Case studies
Martin Morgan
Roswell Park Comprehensive Cancer CenterMartin.Morgan@RoswellPark.org Source:
vignettes/b_case_studies.Rmd
b_case_studies.Rmd
Abstract
This article summarizes short case studies and solutions arising from user queries.
Setup
For each case study, ensure that cellxgenedp (see the Bioconductor package landing page, or GitHub.io site) is installed (additional installation options are at https://mtmorgan.github.io/cellxgenedp/).

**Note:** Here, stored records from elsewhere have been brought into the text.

lemma nn_integral_PiM_lborel_prod:
  assumes "finite I" "\<And>i x. i \<in> I \<Longrightarrow> 0 \<le> f i x" "\<And>i. i \<in> I \<Longrightarrow> f i \<in> borel_measurable borel"
  shows "(\<integral>\<^sup>+ x. ennreal (\<Prod>i\<in>I. f i (x i)) \<partial>PiM I (\<lambda>_::'i. lborel::real measure))
    = (\<Prod>i\<in>I. \<integral>\<^sup>+ x. ennreal (f i x) \<partial>lborel)"
proof -
  have "(\<integral>\<^sup>+ x. ennreal (\<Prod>i\<in>I. f i (x i)) \<partial>PiM I (\<lambda>_. lborel))
      = (\<integral>\<^sup>+ x. (\<Prod>i\<in>I. ennreal (f i (x i))) \<partial>PiM I (\<lambda>_. lborel))"
    using assms by (intro nn_integral_cong) (simp add: prod_ennreal)
  also have "\<dots> = (\<Prod>i\<in>I. \<integral>\<^sup>+ x. ennreal (f i x) \<partial>lborel)"
    using assms by (intro product_sigma_finite.product_nn_integral_prod[OF product_sigma_finite_lborel]) auto
  finally show ?thesis .
qed

lemma nn_integral_PiM_lborel_pair:
  fixes f g :: "real \<Rightarrow> real"
  assumes "a \<noteq> b" "\<And>x. 0 \<le> f x" "\<And>x. 0 \<le> g x"
    "f \<in> borel_measurable borel" "g \<in> borel_measurable borel"
  shows "(\<integral>\<^sup>+x. ennreal (f (x a) * g (x b)) \<partial>PiM {a,b} (\<lambda>_. lborel))
    = (\<integral>\<^sup>+x. ennreal (f x) \<partial>lborel) * (\<integral>\<^sup>+x. ennreal (g x) \<partial>lborel)"
proof -
  define F where "F j = (if j = a then f else g)" for j
  have "(\<integral>\<^sup>+x. ennreal (f (x a) * g (x b)) \<partial>PiM {a,b} (\<lambda>_. lborel))
      = (\<integral>\<^sup>+x. ennreal (\<Prod>j\<in>{a,b}. F j (x j)) \<partial>PiM {a,b} (\<lambda>_. lborel))"
    using assms(1) by (intro nn_integral_cong) (auto simp: F_def)
  also have "\<dots> = (\<Prod>j\<in>{a,b}. \<integral>\<^sup>+ x. ennreal (F j x) \<partial>lborel)"
    by (rule nn_integral_PiM_lborel_prod) (use assms in \<open>auto simp: F_def\<close>)
  finally show ?thesis using assms(1) by (simp add: F_def)
qed
lemma dda_SUP_exhaust:
  fixes m :: "'v mstate"
  assumes e: "e \<in> Err" and cnt: "countable (UNIV :: 'v set)"
  shows "ennreal (dda m e) = (SUP n. ennreal (1 - partial_prod (exhaust n) m e))"
    and "incseq (\<lambda>n. ennreal (1 - partial_prod (exhaust n) m e))"
proof -
  define X where "X n = partial_prod (exhaust n) m e" for n
  have dec: "decseq X"
    unfolding X_def by (intro decseq_SucI partial_prod_antimono[OF e] finite_exhaust exhaust_mono) simp
  have INF_eq: "(INF F\<in>{F. finite F}. partial_prod F m e) = (INF n. X n)"
  proof (rule antisym)
    show "(INF F\<in>{F. finite F}. partial_prod F m e) \<le> (INF n. X n)"
      unfolding X_def
      by (intro cINF_greatest cINF_lower bdd_below_partial_prod[OF e]) (simp_all add: finite_exhaust)
    show "(INF n. X n) \<le> (INF F\<in>{F. finite F}. partial_prod F m e)"
    proof (rule cINF_greatest)
      fix F :: "'v set" assume "F \<in> {F. finite F}"
      then obtain n where n: "F \<subseteq> exhaust n" using exhaust_covers[OF cnt] by auto
      have "(INF n. X n) \<le> X n"
        unfolding X_def by (intro cINF_lower bdd_belowI2[where m=0] partial_prod_bounds[OF e]) simp
      also have "\<dots> \<le> partial_prod F m e"
        unfolding X_def by (rule partial_prod_antimono[OF e finite_exhaust n])
      finally show "(INF n. X n) \<le> partial_prod F m e" .
    qed auto
  qed
  have "X \<longlonglongrightarrow> (INF n. X n)"
    using dec unfolding X_def by (intro LIMSEQ_decseq_INF bdd_belowI2[where m=0] partial_prod_bounds[OF e])
  then have "(\<lambda>n. ennreal (1 - X n)) \<longlonglongrightarrow> ennreal (dda m e)"
    unfolding dda_partial_prod INF_eq by (intro tendsto_ennrealI tendsto_intros)
  moreover show inc: "incseq (\<lambda>n. ennreal (1 - partial_prod (exhaust n) m e))"
    using dec unfolding X_def incseq_def decseq_def by (auto intro!: ennreal_leI)
  ultimately show "ennreal (dda m e) = (SUP n. ennreal (1 - partial_prod (exhaust n) m e))"
    using LIMSEQ_SUP[OF inc] LIMSEQ_unique unfolding X_def by blast
qed

lemma fiber_jensen_dda:
  fixes \<omega> :: "('v mstate \<times> 'v mstate) pmf"
  assumes e: "e \<in> Err" and cnt: "countable (UNIV :: 'v set)"
    and fiber_bound: "\<And>x. (\<integral>\<^sup>+z. ennreal_of_enat (fst z x) * indicator {m} (snd z) \<partial>\<omega>)
                 \<le> ennreal (pmf (map_pmf snd \<omega>) m) * ennreal_of_enat (m x)"
  shows "(\<integral>\<^sup>+z. ennreal (dda (fst z) e) * indicator {m} (snd z) \<partial>\<omega>)
           \<le> ennreal (pmf (map_pmf snd \<omega>) m) * ennreal (dda m e)"
proof -
  let ?s = "ennreal (pmf (map_pmf snd \<omega>) m)"
  define f where "f n z = ennreal (1 - partial_prod (exhaust n) (fst z) e) * indicator {m} (snd z)" for n z
  have inc: "incseq f"
    using dda_SUP_exhaust(2)[OF e cnt]
    unfolding f_def incseq_def le_fun_def by (auto intro!: mult_right_mono)
  have "(\<integral>\<^sup>+z. ennreal (dda (fst z) e) * indicator {m} (snd z) \<partial>\<omega>) = (\<integral>\<^sup>+z. (SUP n. f n z) \<partial>\<omega>)"
    unfolding f_def dda_SUP_exhaust(1)[OF e cnt] by (simp add: SUP_mult_right_ennreal)
  also have "\<dots> = (SUP n. \<integral>\<^sup>+z. f n z \<partial>\<omega>)"
    by (rule nn_integral_monotone_convergence_SUP[OF inc]) simp
  also have "\<dots> \<le> (SUP n. ?s * ennreal (1 - partial_prod (exhaust n) m e))"
  proof (rule SUP_mono)
    fix n
    show "\<exists>k\<in>UNIV. (\<integral>\<^sup>+z. f n z \<partial>\<omega>) \<le> ?s * ennreal (1 - partial_prod (exhaust k) m e)"
      using fiber_jensen_partial_prod[OF e finite_exhaust fiber_bound, of n] unfolding f_def by blast
  qed
  also have "\<dots> = ?s * ennreal (dda m e)"
    unfolding dda_SUP_exhaust(1)[OF e cnt] by (simp add: SUP_mult_left_ennreal)
  finally show ?thesis .
qed

lemma pda_mono_pmf_le:
  fixes p1 p2 :: "'v mstate pmf"
  assumes e: "e \<in> Err" and cnt: "countable (UNIV :: 'v set)" and "pmf_le p1 p2"
  shows "pda p1 e \<le> pda p2 e"
proof -
  obtain \<omega> where coupling: "is_coupling \<omega> p1 p2"
    and weighting_le: "\<And>m x. weighting \<omega> m x \<le> ennreal_of_enat (m x)"
    using assms(3) unfolding pmf_le_def by blast
  have p1: "p1 = map_pmf fst \<omega>" and p2: "p2 = map_pmf snd \<omega>"
    using coupling by (auto simp: is_coupling_def)
  have "(\<integral>\<^sup>+m. ennreal (dda m e) \<partial>p1) \<le> (\<integral>\<^sup>+m. ennreal (dda m e) \<partial>p2)"
    unfolding p1 p2
    by (intro nn_integral_marginals_fiberwise_le fiber_jensen_dda[OF e cnt]
        weighting_le_imp_fiber_bound weighting_le)
  then show ?thesis
    by (simp add: pda_nn_integral[OF e, symmetric] ennreal_le_iff pda_nonneg[OF e])
qed

lemma da_le_if_dominated:
  assumes "P \<noteq> {}" "e' \<in> Err"
    and dominated: "\<And>p. p \<in> P \<Longrightarrow> \<exists>p'\<in>P'. pda p e \<le> pda p' e'"
  shows "da P e \<le> da P' e'"
  unfolding da_def
proof (rule cSUP_least[OF assms(1)])
  fix p assume "p \<in> P"
  then obtain p' where p': "p' \<in> P'" and le: "pda p e \<le> pda p' e'"
    using dominated by blast
  have "bdd_above ((\<lambda>p. pda p e') ` P')"
    using pda_le_1[OF assms(2)] by (intro bdd_aboveI2)
  then have "pda p' e' \<le> (SUP p\<in>P'. pda p e')"
    by (rule cSUP_upper[OF p'])
  then show "pda p e \<le> (SUP p\<in>P'. pda p e')"
    using le by linarith
qed

theorem proposition5:
  fixes P P' :: "'v mstate pmf set" and e e' :: "'v \<Rightarrow> real"
  assumes "countable (UNIV :: 'v set)" and "infinite (UNIV :: 'v set)"
    and "P \<in> Dom" and "P' \<in> Dom" and "e \<in> Err" and "e' \<in> Err"
  shows "(D_le P P' \<longrightarrow> da P e \<le> da P' e) \<and> (e \<le> e' \<longrightarrow> da P e \<le> da P e')"
proof (intro conjI impI)
  have "P \<noteq> {}" using assms(3) by (simp add: Dom_def)
  show "da P e \<le> da P' e" if le: "D_le P P'"
  proof (rule da_le_if_dominated[OF \<open>P \<noteq> {}\<close> assms(5)])
    fix p assume "p \<in> P"
    then obtain p' where "p' \<in> P'" "pmf_le p p'" using le by (auto simp: D_le_def)
    then show "\<exists>p'\<in>P'. pda p e \<le> pda p' e" using pda_mono_pmf_le[OF assms(5,1)] by blast
  qed
  show "da P e \<le> da P e'" if "e \<le> e'"
    using pda_mono_err[OF assms(5,6) that]
    by (intro da_le_if_dominated[OF \<open>P \<noteq> {}\<close> assms(6)]) blast
qed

if (!"BiocManager" %in% rownames(installed.packages()))
install.packages("BiocManager", repos = "https://CRAN.R-project.org")
BiocManager::install("cellxgenedp")
Load the package.
Case study: authors & datasets
Challenge and solution
This case study arose from a question on the CZI Science Community Slack. A user asked
Hi! Is it possible to search CELLxGENE and identify all datasets by a specific author or set of authors?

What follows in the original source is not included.